In a recent op-ed published in the Wall Street Journal, Jerome Groopman and Pamela Hartzband characterized the 55 percent finding as one “myth” in the current health reform debate. Their comment suggests our finding was something conjured up from someone’s imagination.  Far from it! The study was conducted at one of the nation’s leading research organizations, supported by the well-regarded Robert Wood Johnson Foundation, and vetted through the peer and editorial review process at the New England Journal of Medicine. Hardly the process used to manufacture myths.
 
Groopman and Hartzband dismiss the finding as a myth because of certain “flaws” in the study. I would be the first to admit that, as with any study, ours was not perfect. But our study was a significant undertaking that used the best and most-extensive methods ever assembled to examine the quality of medical care delivered in the United States. We addressed all of the issues they raise about potential shortcomings when we first published the results of the study in 2003. For example, Groopman and Hartzband criticize the study because we didn’t get medical records from everyone and in some cases we didn’t get records from all of the doctors who saw some of our study participants.  However, they chose to ignore the careful testing we did to see whether fixing either of these limitations would have changed our findings significantly. We found that the results would have been the same. They point out that while the medical records in our study showed patients received flu shots just 15 percent of the time, patients in our study reported they got flu shots 85 percent of the time. However, they failed to acknowledge that we used the 85 percent number when arriving at our overall results.  And again, our conclusions and findings were subjected to the tests of our peers and others who ultimately agreed that our methods were sound. 
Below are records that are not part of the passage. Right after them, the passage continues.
(* Let $\Bbbk$ be a field of characteristic different from $2$. With $\Theta$ and $\Psi_-$ as below: (a) $\Theta\circ\Psi_-=\Theta=\Psi_-\circ\Theta$; (b) $\mathrm{Im}(\Psi_-)=\mathrm{Im}(\Theta)=\Pi_-$; (c) $\ker(\Psi_-)=\ker(\Theta)$.
   Context: $\mathcal{Q}\mathit{Sym}$ is the graded Hopf algebra of quasi-symmetric functions over $\Bbbk$ with basis $M_\alpha=\sum_{i_1<\cdots<i_k}x_{i_1}^{a_1}\cdots x_{i_k}^{a_k}$, coproduct $\Delta(M_\alpha)=\sum_{\alpha=\beta\gamma}M_\beta\otimes M_\gamma$. $\zeta_{\mathcal Q}$ is the character with $\zeta_{\mathcal Q}(M_\alpha)=1$ if $\alpha=(n)$ or $()$, $0$ otherwise. Characters multiply by convolution; $\bar\varphi(h)=(-1)^n\varphi(h)$ in degree $n$; $\varphi$ is even if $\bar\varphi=\varphi$, odd if $\bar\varphi=\varphi^{-1}$. Write $\zeta_{\mathcal Q}=(\zeta_{\mathcal Q})_+(\zeta_{\mathcal Q})_-$ for the unique decomposition with $(\zeta_{\mathcal Q})_+$ even and $(\zeta_{\mathcal Q})_-$ odd. For each character $\varphi$ there is a unique graded Hopf morphism $F\colon\mathcal{Q}\mathit{Sym}\to\mathcal{Q}\mathit{Sym}$ with $\zeta_{\mathcal Q}\circ F=\varphi$; $\Psi_-$ is the one for $\varphi=(\zeta_{\mathcal Q})_-$ and $\Theta$ the one for $\varphi=\bar\zeta_{\mathcal Q}^{-1}\zeta_{\mathcal Q}$. $\Pi_-$ is the largest graded subcoalgebra of $\mathcal{Q}\mathit{Sym}$ on which $\bar\zeta_{\mathcal Q}=\zeta_{\mathcal Q}^{-1}$. *)

theory Defs
  imports Main "HOL-Library.Poly_Mapping"
begin

text \<open>The Hopf algebra QSym of quasi-symmetric functions over a field 'k,
  realised concretely in the monomial basis: an element is a finitely supported
  family of coefficients indexed by compositions (lists of positive naturals);
  the monomial quasi-symmetric function M_alpha is single alpha 1.\<close>

type_synonym 'k qsym = "nat list \<Rightarrow>\<^sub>0 'k"
type_synonym 'k qsym2 = "(nat list \<times> nat list) \<Rightarrow>\<^sub>0 'k"

definition is_comp :: "nat list \<Rightarrow> bool" where
  "is_comp a \<longleftrightarrow> (\<forall>x\<in>set a. 0 < x)"

definition QSym :: "'k::field qsym set" where
  "QSym = {f. \<forall>a\<in>Poly_Mapping.keys f. is_comp a}"

definition Mb :: "nat list \<Rightarrow> 'k::field qsym" where
  "Mb a = Poly_Mapping.single a 1"

definition qsmult :: "'k::field \<Rightarrow> 'k qsym \<Rightarrow> 'k qsym" where
  "qsmult c f = (\<Sum>a\<in>Poly_Mapping.keys f. Poly_Mapping.single a (c * Poly_Mapping.lookup f a))"

definition hcomp :: "nat \<Rightarrow> 'k::field qsym \<Rightarrow> 'k qsym" where
  "hcomp n f = (\<Sum>a\<in>{a\<in>Poly_Mapping.keys f. sum_list a = n}. Poly_Mapping.single a (Poly_Mapping.lookup f a))"

text \<open>Quasi-shuffles (with multiplicity) of two compositions: M_a M_b is the sum
  of M_c over this list.\<close>
fun qsh :: "nat list \<Rightarrow> nat list \<Rightarrow> nat list list" where
  "qsh [] b = [b]"
| "qsh a [] = [a]"
| "qsh (x # a) (y # b) =
     map ((#) x) (qsh a (y # b)) @ map ((#) y) (qsh (x # a) b) @ map ((#) (x + y)) (qsh a b)"

definition qmult :: "'k::field qsym \<Rightarrow> 'k qsym \<Rightarrow> 'k qsym" where
  "qmult f g = (\<Sum>a\<in>Poly_Mapping.keys f. \<Sum>b\<in>Poly_Mapping.keys g.
      qsmult (Poly_Mapping.lookup f a * Poly_Mapping.lookup g b) (sum_list (map Mb (qsh a b))))"

definition tensor :: "'k::field qsym \<Rightarrow> 'k qsym \<Rightarrow> 'k qsym2" where
  "tensor x y = (\<Sum>b\<in>Poly_Mapping.keys x. \<Sum>c\<in>Poly_Mapping.keys y. Poly_Mapping.single (b, c) (Poly_Mapping.lookup x b * Poly_Mapping.lookup y c))"

definition coprod :: "'k::field qsym \<Rightarrow> 'k qsym2" where
  "coprod f = (\<Sum>a\<in>Poly_Mapping.keys f. \<Sum>i\<le>length a.
      Poly_Mapping.single (take i a, drop i a) (Poly_Mapping.lookup f a))"

definition counit :: "'k::field qsym \<Rightarrow> 'k" where
  "counit f = Poly_Mapping.lookup f []"

text \<open>Linear functionals on QSym are given by their values on the basis M_alpha
  (normalised to be 0 on non-compositions).\<close>
definition LF :: "(nat list \<Rightarrow> 'k::field) set" where
  "LF = {\<phi>. \<forall>a. \<not> is_comp a \<longrightarrow> \<phi> a = 0}"

definition ev :: "(nat list \<Rightarrow> 'k::field) \<Rightarrow> 'k qsym \<Rightarrow> 'k" where
  "ev \<phi> f = (\<Sum>a\<in>Poly_Mapping.keys f. Poly_Mapping.lookup f a * \<phi> a)"

definition is_character :: "(nat list \<Rightarrow> 'k::field) \<Rightarrow> bool" where
  "is_character \<phi> \<longleftrightarrow> \<phi> \<in> LF \<and> \<phi> [] = 1 \<and>
     (\<forall>a b. is_comp a \<longrightarrow> is_comp b \<longrightarrow> ev \<phi> (qmult (Mb a) (Mb b)) = \<phi> a * \<phi> b)"

definition conv :: "(nat list \<Rightarrow> 'k::field) \<Rightarrow> (nat list \<Rightarrow> 'k) \<Rightarrow> nat list \<Rightarrow> 'k" where
  "conv \<phi> \<psi> a = (if is_comp a then (\<Sum>i\<le>length a. \<phi> (take i a) * \<psi> (drop i a)) else 0)"

definition eps :: "nat list \<Rightarrow> 'k::field" where
  "eps a = (if a = [] then 1 else 0)"

definition cinv :: "(nat list \<Rightarrow> 'k::field) \<Rightarrow> nat list \<Rightarrow> 'k" where
  "cinv \<phi> = (THE \<psi>. \<psi> \<in> LF \<and> conv \<phi> \<psi> = eps \<and> conv \<psi> \<phi> = eps)"

definition cbar :: "(nat list \<Rightarrow> 'k::field) \<Rightarrow> nat list \<Rightarrow> 'k" where
  "cbar \<phi> a = (-1) ^ sum_list a * \<phi> a"

definition is_even :: "(nat list \<Rightarrow> 'k::field) \<Rightarrow> bool" where
  "is_even \<phi> \<longleftrightarrow> cbar \<phi> = \<phi>"

definition is_odd :: "(nat list \<Rightarrow> 'k::field) \<Rightarrow> bool" where
  "is_odd \<phi> \<longleftrightarrow> cbar \<phi> = cinv \<phi>"

definition zetaQ :: "nat list \<Rightarrow> 'k::field" where
  "zetaQ a = (if is_comp a \<and> length a \<le> 1 then 1 else 0)"

definition zeta_minus :: "nat list \<Rightarrow> 'k::field" where
  "zeta_minus = (THE \<psi>. \<exists>\<phi>. is_character \<phi> \<and> is_character \<psi> \<and> is_even \<phi> \<and> is_odd \<psi>
                        \<and> zetaQ = conv \<phi> \<psi>)"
It appears that the main point of the op-ed is to argue that any health reform legislation will necessarily prevent doctors and patients from talking about who should get what health services.  It seems to me that most people hope that we can find a way to improve the care Americans receive, eliminate unnecessary or wasteful care, and at the same time, do a better job of delivering the care that Americans really need. With that in mind, I find it all the more frustrating that the Groopman and Hartzband opinion piece uses misinformation and misinterpretation to confuse the debate about health reform. This is exactly what the doctor should not order.